Problem details: From the entries below, transcribe exactly the lines between the line holding "x \<equiv> m_transitive" and the line holding "text \<open>variable v_i: <0,i>;", inclusive; skip all other lines.
Exercise inputs section start
(* Provably in $\mathsf{GB}^{+\infty}$, and also provably in $\mathsf{GB}^{-\infty}$: the class defined by $\mathsf{T}_{\mathsf{Most}}(x)$ is an $F$-truth class over $(V,\in)$ for $F=\mathsf{Depth}_{\mathsf{Most}}$.
   Context: $\mathsf{GB}$ is Gödel–Bernays class theory; $\mathsf{GB}^{+\infty}=\mathsf{GB}$; $\mathsf{GB}^{-\infty}=\mathsf{GB}_{\mathsf{fin}}+\mathsf{TC}$, where $\mathsf{GB}_{\mathsf{fin}}$ replaces the axiom of infinity in $\mathsf{GB}$ by its negation and $\mathsf{TC}$ says every set has a transitive closure. $\omega$ is the class of finite ordinals. Reasoning in these theories: $V$ is the class of all sets; $c_a$ is a constant naming the set $a$; $\mathcal{L}^+_{\mathsf{ZF}}$-sentences are codes of $\varphi(c_{a_1},\dots,c_{a_n})$ with $\varphi$ an internal $\mathcal{L}_{\mathsf{ZF}}$-formula. $\mathsf{depth}(\varphi)$ is the length of the longest path in the parsing tree of $\varphi$ (the depth of $\varphi(c_{a_1},\dots)$ is that of $\varphi$); $\mathsf{Depth}_k$ is the set of $\mathcal{L}_{\mathsf{ZF}}$-formulas of depth $\le k$. For a collection $F$ of $\mathcal{L}_{\mathsf{ZF}}$-formulas closed under immediate subformulas, with $\mathsf{FSent}$ the sentences obtained by substituting constants $c_a$ for the free variables of formulas in $F$, a class $T$ is an $F$-truth class over $(V,\in)$ if: (1) $T\subseteq\mathsf{FSent}$; (2) $\ulcorner c_a=c_b\urcorner\in T\leftrightarrow a=b$ and $\ulcorner c_a\in c_b\urcorner\in T\leftrightarrow a\in b$; (3) for $\neg\psi\in\mathsf{FSent}$: $\neg\psi\in T\leftrightarrow\psi\notin T$; (4) for $\psi_1\vee\psi_2\in\mathsf{FSent}$: $(\psi_1\vee\psi_2)\in T\leftrightarrow(\psi_1\in T\vee\psi_2\in T)$; (5) for $\exists v\,\psi(v)\in\mathsf{FSent}$: $\exists v\,\psi(v)\in T\leftrightarrow\exists x\,\psi(c_x)\in T$. $\mathsf{C}_{\mathsf{Most}}$ is the class of $k\in\omega$ for which some class is a $\mathsf{Depth}_k$-truth class over $(V,\in)$; $\mathsf{Depth}_{\mathsf{Most}}$ is the class of $\mathcal{L}_{\mathsf{ZF}}$-formulas $\varphi$ with $\mathsf{depth}(\varphi)\in\mathsf{C}_{\mathsf{Most}}$. $\mathsf{T}_{\mathsf{Most}}(x)$ expresses: $x$ is (the code of) an $\mathcal{L}^+_{\mathsf{ZF}}$-sentence $\varphi(c_{a_1},\dots,c_{a_n})$ and there exist $p\ge\mathsf{depth}(\varphi)$ and a class $T$ such that $\varphi(c_{a_1},\dots,c_{a_n})\in T$ and $T$ is a $\mathsf{Depth}_p$-truth class over $(V,\in)$. *)

theory Defs
  imports Main
begin

text \<open>Semantic rendering of provability in GB-style class theories: a two-sorted
  (Henkin) model is given by a membership relation e on the type 'a of sets and
  a collection Cl of classes (HOL sets of sets).  All syntax (codes of formulas,
  depth, substitution, internal natural numbers) is coded INSIDE the model.\<close>

definition m_empty :: "('a \<Rightarrow> 'a \<Rightarrow> bool) \<Rightarrow> 'a \<Rightarrow> bool" where
  "m_empty e x \<equiv> \<forall>z. \<not> e z x"

definition m_upair :: "('a \<Rightarrow> 'a \<Rightarrow> bool) \<Rightarrow> 'a \<Rightarrow> 'a \<Rightarrow> 'a \<Rightarrow> bool" where
  "m_upair e p a b \<equiv> \<forall>z. e z p \<longleftrightarrow> z = a \<or> z = b"

definition m_pair :: "('a \<Rightarrow> 'a \<Rightarrow> bool) \<Rightarrow> 'a \<Rightarrow> 'a \<Rightarrow> 'a \<Rightarrow> bool" where
  "m_pair e p a b \<equiv> \<exists>u w. m_upair e u a a \<and> m_upair e w a b \<and> m_upair e p u w"

definition m_succ :: "('a \<Rightarrow> 'a \<Rightarrow> bool) \<Rightarrow> 'a \<Rightarrow> 'a \<Rightarrow> bool" where
  "m_succ e y x \<equiv> \<forall>z. e z y \<longleftrightarrow> e z x \<or> z = x"

definition m_union2 :: "('a \<Rightarrow> 'a \<Rightarrow> bool) \<Rightarrow> 'a \<Rightarrow> 'a \<Rightarrow> 'a \<Rightarrow> bool" where
  "m_union2 e u x y \<equiv> \<forall>z. e z u \<longleftrightarrow> e z x \<or> e z y"

definition m_transitive :: "('a \<Rightarrow> 'a \<Rightarrow> bool) \<Rightarrow> 'a \<Rightarrow> bool" where
  "m_transitive e x \<equiv> \<forall>y z. e z y \<and> e y x \<longrightarrow> e z x"

definition m_ord :: "('a \<Rightarrow> 'a \<Rightarrow> bool) \<Rightarrow> 'a \<Rightarrow> bool" where
  "m_ord e x \<equiv> m_transitive e x \<and> (\<forall>y. e y x \<longrightarrow> m_transitive e y)"

definition m_nat :: "('a \<Rightarrow> 'a \<Rightarrow> bool) \<Rightarrow> 'a \<Rightarrow> bool" where
  "m_nat e n \<equiv> m_ord e n \<and>
     (\<forall>m. (m = n \<or> e m n) \<longrightarrow> m_empty e m \<or> (\<exists>k. m_succ e m k))"

definition m_le :: "('a \<Rightarrow> 'a \<Rightarrow> bool) \<Rightarrow> 'a \<Rightarrow> 'a \<Rightarrow> bool" where
  "m_le e m n \<equiv> m = n \<or> e m n"

text \<open>Standard numerals (used only as syntactic tags).\<close>
fun m_num :: "('a \<Rightarrow> 'a \<Rightarrow> bool) \<Rightarrow> nat \<Rightarrow> 'a \<Rightarrow> bool" where
  "m_num e 0 x = m_empty e x"
| "m_num e (Suc k) x = (\<exists>y. m_num e k y \<and> m_succ e x y)"

definition m_tag :: "('a \<Rightarrow> 'a \<Rightarrow> bool) \<Rightarrow> nat \<Rightarrow> 'a \<Rightarrow> 'a \<Rightarrow> bool" where
  "m_tag e k p a \<equiv> \<exists>t. m_num e k t \<and> m_pair e p t a"

definition m_tag2 :: "('a \<Rightarrow> 'a \<Rightarrow> bool) \<Rightarrow> nat \<Rightarrow> 'a \<Rightarrow> 'a \<Rightarrow> 'a \<Rightarrow> bool" where
  "m_tag2 e k p a b \<equiv> \<exists>q. m_pair e q a b \<and> m_tag e k p q"

text \<open>variable v_i: <0,i>; constant c_a: <1,a>; (t1 = t2): <2,<t1,t2>>;
  (t1 \<in> t2): <3,<t1,t2>>; neg phi: <4,phi>; (phi or psi): <5,<phi,psi>>;
  (exists v_i phi): <6,<i,phi>>.\<close>

definition isVar :: "('a \<Rightarrow> 'a \<Rightarrow> bool) \<Rightarrow> 'a \<Rightarrow> 'a \<Rightarrow> bool" where
  "isVar e t i \<equiv> m_nat e i \<and> m_tag e 0 t i"

definition isConst :: "('a \<Rightarrow> 'a \<Rightarrow> bool) \<Rightarrow> 'a \<Rightarrow> 'a \<Rightarrow> bool" where
  "isConst e t a \<equiv> m_tag e 1 t a"

definition isTerm :: "('a \<Rightarrow> 'a \<Rightarrow> bool) \<Rightarrow> 'a \<Rightarrow> bool" where
  "isTerm e t \<equiv> (\<exists>i. isVar e t i) \<or> (\<exists>a. isConst e t a)"

definition isEqF :: "('a \<Rightarrow> 'a \<Rightarrow> bool) \<Rightarrow> 'a \<Rightarrow> 'a \<Rightarrow> 'a \<Rightarrow> bool" where
  "isEqF e p t1 t2 \<equiv> isTerm e t1 \<and> isTerm e t2 \<and> m_tag2 e 2 p t1 t2"

definition isMemF :: "('a \<Rightarrow> 'a \<Rightarrow> bool) \<Rightarrow> 'a \<Rightarrow> 'a \<Rightarrow> 'a \<Rightarrow> bool" where
  "isMemF e p t1 t2 \<equiv> isTerm e t1 \<and> isTerm e t2 \<and> m_tag2 e 3 p t1 t2"

definition isNeg :: "('a \<Rightarrow> 'a \<Rightarrow> bool) \<Rightarrow> 'a \<Rightarrow> 'a \<Rightarrow> bool" where
  "isNeg e p \<phi> \<equiv> m_tag e 4 p \<phi>"

definition isOr :: "('a \<Rightarrow> 'a \<Rightarrow> bool) \<Rightarrow> 'a \<Rightarrow> 'a \<Rightarrow> 'a \<Rightarrow> bool" where
  "isOr e p \<phi> \<psi> \<equiv> m_tag2 e 5 p \<phi> \<psi>"

definition isEx :: "('a \<Rightarrow> 'a \<Rightarrow> bool) \<Rightarrow> 'a \<Rightarrow> 'a \<Rightarrow> 'a \<Rightarrow> bool" where
  "isEx e p i \<phi> \<equiv> m_nat e i \<and> m_tag2 e 6 p i \<phi>"

definition form_closed ::
  "('a \<Rightarrow> 'a \<Rightarrow> bool) \<Rightarrow> ('a \<Rightarrow> bool) \<Rightarrow> 'a \<Rightarrow> bool" where
  "form_closed e tm S \<equiv> \<forall>\<chi>. e \<chi> S \<longrightarrow>
      (\<exists>t1 t2. (isEqF e \<chi> t1 t2 \<or> isMemF e \<chi> t1 t2) \<and> tm t1 \<and> tm t2)
    \<or> (\<exists>\<theta>. isNeg e \<chi> \<theta> \<and> e \<theta> S)
    \<or> (\<exists>\<theta>1 \<theta>2. isOr e \<chi> \<theta>1 \<theta>2 \<and> e \<theta>1 S \<and> e \<theta>2 S)
    \<or> (\<exists>i \<theta>. isEx e \<chi> i \<theta> \<and> e \<theta> S)"

definition LPformula :: "('a \<Rightarrow> 'a \<Rightarrow> bool) \<Rightarrow> 'a \<Rightarrow> bool" where
  "LPformula e x \<equiv> \<exists>S. e x S \<and> form_closed e (isTerm e) S"

definition LZFformula :: "('a \<Rightarrow> 'a \<Rightarrow> bool) \<Rightarrow> 'a \<Rightarrow> bool" where
  "LZFformula e x \<equiv> \<exists>S. e x S \<and> form_closed e (\<lambda>t. \<exists>i. isVar e t i) S"

definition inRel2 :: "('a \<Rightarrow> 'a \<Rightarrow> bool) \<Rightarrow> 'a \<Rightarrow> 'a \<Rightarrow> 'a \<Rightarrow> bool" where
  "inRel2 e R a b \<equiv> \<exists>q. m_pair e q a b \<and> e q R"

text \<open>Depth = length of the longest path in the parsing tree (atoms: 0).\<close>
definition depth_closed :: "('a \<Rightarrow> 'a \<Rightarrow> bool) \<Rightarrow> 'a \<Rightarrow> bool" where
  "depth_closed e R \<equiv> \<forall>q. e q R \<longrightarrow> (\<exists>\<chi> d. m_pair e q \<chi> d \<and> m_nat e d \<and>
      ((\<exists>t1 t2. (isEqF e \<chi> t1 t2 \<or> isMemF e \<chi> t1 t2)) \<and> m_empty e d
     \<or> (\<exists>\<theta> d'. isNeg e \<chi> \<theta> \<and> inRel2 e R \<theta> d' \<and> m_succ e d d')
     \<or> (\<exists>\<theta>1 \<theta>2 d1 d2 u. isOr e \<chi> \<theta>1 \<theta>2 \<and> inRel2 e R \<theta>1 d1 \<and> inRel2 e R \<theta>2 d2
            \<and> m_union2 e u d1 d2 \<and> m_succ e d u)
     \<or> (\<exists>i \<theta> d'. isEx e \<chi> i \<theta> \<and> inRel2 e R \<theta> d' \<and> m_succ e d d')))"

definition hasDepth :: "('a \<Rightarrow> 'a \<Rightarrow> bool) \<Rightarrow> 'a \<Rightarrow> 'a \<Rightarrow> bool" where
  "hasDepth e x d \<equiv> \<exists>R. depth_closed e R \<and> inRel2 e R x d"

definition isAssign :: "('a \<Rightarrow> 'a \<Rightarrow> bool) \<Rightarrow> 'a \<Rightarrow> bool" where
  "isAssign e g \<equiv> (\<forall>p. e p g \<longrightarrow> (\<exists>i a. m_nat e i \<and> m_pair e p i a)) \<and>
     (\<forall>i a b p q. m_pair e p i a \<and> m_pair e q i b \<and> e p g \<and> e q g \<longrightarrow> a = b)"

definition isSingAssign :: "('a \<Rightarrow> 'a \<Rightarrow> bool) \<Rightarrow> 'a \<Rightarrow> 'a \<Rightarrow> 'a \<Rightarrow> bool" where
  "isSingAssign e g i a \<equiv> \<forall>p. e p g \<longleftrightarrow> m_pair e p i a"

definition m_remove :: "('a \<Rightarrow> 'a \<Rightarrow> bool) \<Rightarrow> 'a \<Rightarrow> 'a \<Rightarrow> 'a \<Rightarrow> bool" where
  "m_remove e g' g j \<equiv> \<forall>p. e p g' \<longleftrightarrow> e p g \<and> \<not> (\<exists>b. m_pair e p j b)"

definition tsubst :: "('a \<Rightarrow> 'a \<Rightarrow> bool) \<Rightarrow> 'a \<Rightarrow> 'a \<Rightarrow> 'a \<Rightarrow> bool" where
  "tsubst e g t t' \<equiv>
     (\<exists>i a p. isVar e t i \<and> m_pair e p i a \<and> e p g \<and> isConst e t' a)
   \<or> (isTerm e t \<and> \<not> (\<exists>i a p. isVar e t i \<and> m_pair e p i a \<and> e p g) \<and> t' = t)"

definition m_triple :: "('a \<Rightarrow> 'a \<Rightarrow> bool) \<Rightarrow> 'a \<Rightarrow> 'a \<Rightarrow> 'a \<Rightarrow> 'a \<Rightarrow> bool" where
  "m_triple e q g x y \<equiv> \<exists>r. m_pair e r x y \<and> m_pair e q g r"

definition inRel3 :: "('a \<Rightarrow> 'a \<Rightarrow> bool) \<Rightarrow> 'a \<Rightarrow> 'a \<Rightarrow> 'a \<Rightarrow> 'a \<Rightarrow> bool" where
  "inRel3 e R g x y \<equiv> \<exists>q. m_triple e q g x y \<and> e q R"

text \<open>Simultaneous substitution of constants c_(g i) for the free variables v_i
  (i in dom g).\<close>
definition subst_closed :: "('a \<Rightarrow> 'a \<Rightarrow> bool) \<Rightarrow> 'a \<Rightarrow> bool" where
  "subst_closed e R \<equiv> \<forall>q. e q R \<longrightarrow> (\<exists>g \<chi> \<chi>'. m_triple e q g \<chi> \<chi>' \<and> isAssign e g \<and>
      ((\<exists>t1 t2 s1 s2. isEqF e \<chi> t1 t2 \<and> tsubst e g t1 s1 \<and> tsubst e g t2 s2 \<and> isEqF e \<chi>' s1 s2)
     \<or> (\<exists>t1 t2 s1 s2. isMemF e \<chi> t1 t2 \<and> tsubst e g t1 s1 \<and> tsubst e g t2 s2 \<and> isMemF e \<chi>' s1 s2)
     \<or> (\<exists>\<theta> \<theta>'. isNeg e \<chi> \<theta> \<and> isNeg e \<chi>' \<theta>' \<and> inRel3 e R g \<theta> \<theta>')
     \<or> (\<exists>\<theta>1 \<theta>2 \<theta>1' \<theta>2'. isOr e \<chi> \<theta>1 \<theta>2 \<and> isOr e \<chi>' \<theta>1' \<theta>2'
            \<and> inRel3 e R g \<theta>1 \<theta>1' \<and> inRel3 e R g \<theta>2 \<theta>2')
     \<or> (\<exists>i \<theta> \<theta>' g'. isEx e \<chi> i \<theta> \<and> isEx e \<chi>' i \<theta>' \<and> m_remove e g' g i
            \<and> inRel3 e R g' \<theta> \<theta>')))"

definition ssubst :: "('a \<Rightarrow> 'a \<Rightarrow> bool) \<Rightarrow> 'a \<Rightarrow> 'a \<Rightarrow> 'a \<Rightarrow> bool" where
  "ssubst e g x y \<equiv> \<exists>R. subst_closed e R \<and> inRel3 e R g x y"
Exercise inputs section end
Response box:
  "m_ord e x \<equiv> m_transitive e x \<and> (\<forall>y. e y x \<longrightarrow> m_transitive e y)"

definition m_nat :: "('a \<Rightarrow> 'a \<Rightarrow> bool) \<Rightarrow> 'a \<Rightarrow> bool" where
  "m_nat e n \<equiv> m_ord e n \<and>
     (\<forall>m. (m = n \<or> e m n) \<longrightarrow> m_empty e m \<or> (\<exists>k. m_succ e m k))"

definition m_le :: "('a \<Rightarrow> 'a \<Rightarrow> bool) \<Rightarrow> 'a \<Rightarrow> 'a \<Rightarrow> bool" where
  "m_le e m n \<equiv> m = n \<or> e m n"

text \<open>Standard numerals (used only as syntactic tags).\<close>
fun m_num :: "('a \<Rightarrow> 'a \<Rightarrow> bool) \<Rightarrow> nat \<Rightarrow> 'a \<Rightarrow> bool" where
  "m_num e 0 x = m_empty e x"
| "m_num e (Suc k) x = (\<exists>y. m_num e k y \<and> m_succ e x y)"

definition m_tag :: "('a \<Rightarrow> 'a \<Rightarrow> bool) \<Rightarrow> nat \<Rightarrow> 'a \<Rightarrow> 'a \<Rightarrow> bool" where
  "m_tag e k p a \<equiv> \<exists>t. m_num e k t \<and> m_pair e p t a"

definition m_tag2 :: "('a \<Rightarrow> 'a \<Rightarrow> bool) \<Rightarrow> nat \<Rightarrow> 'a \<Rightarrow> 'a \<Rightarrow> 'a \<Rightarrow> bool" where
  "m_tag2 e k p a b \<equiv> \<exists>q. m_pair e q a b \<and> m_tag e k p q"

text \<open>variable v_i: <0,i>; constant c_a: <1,a>; (t1 = t2): <2,<t1,t2>>;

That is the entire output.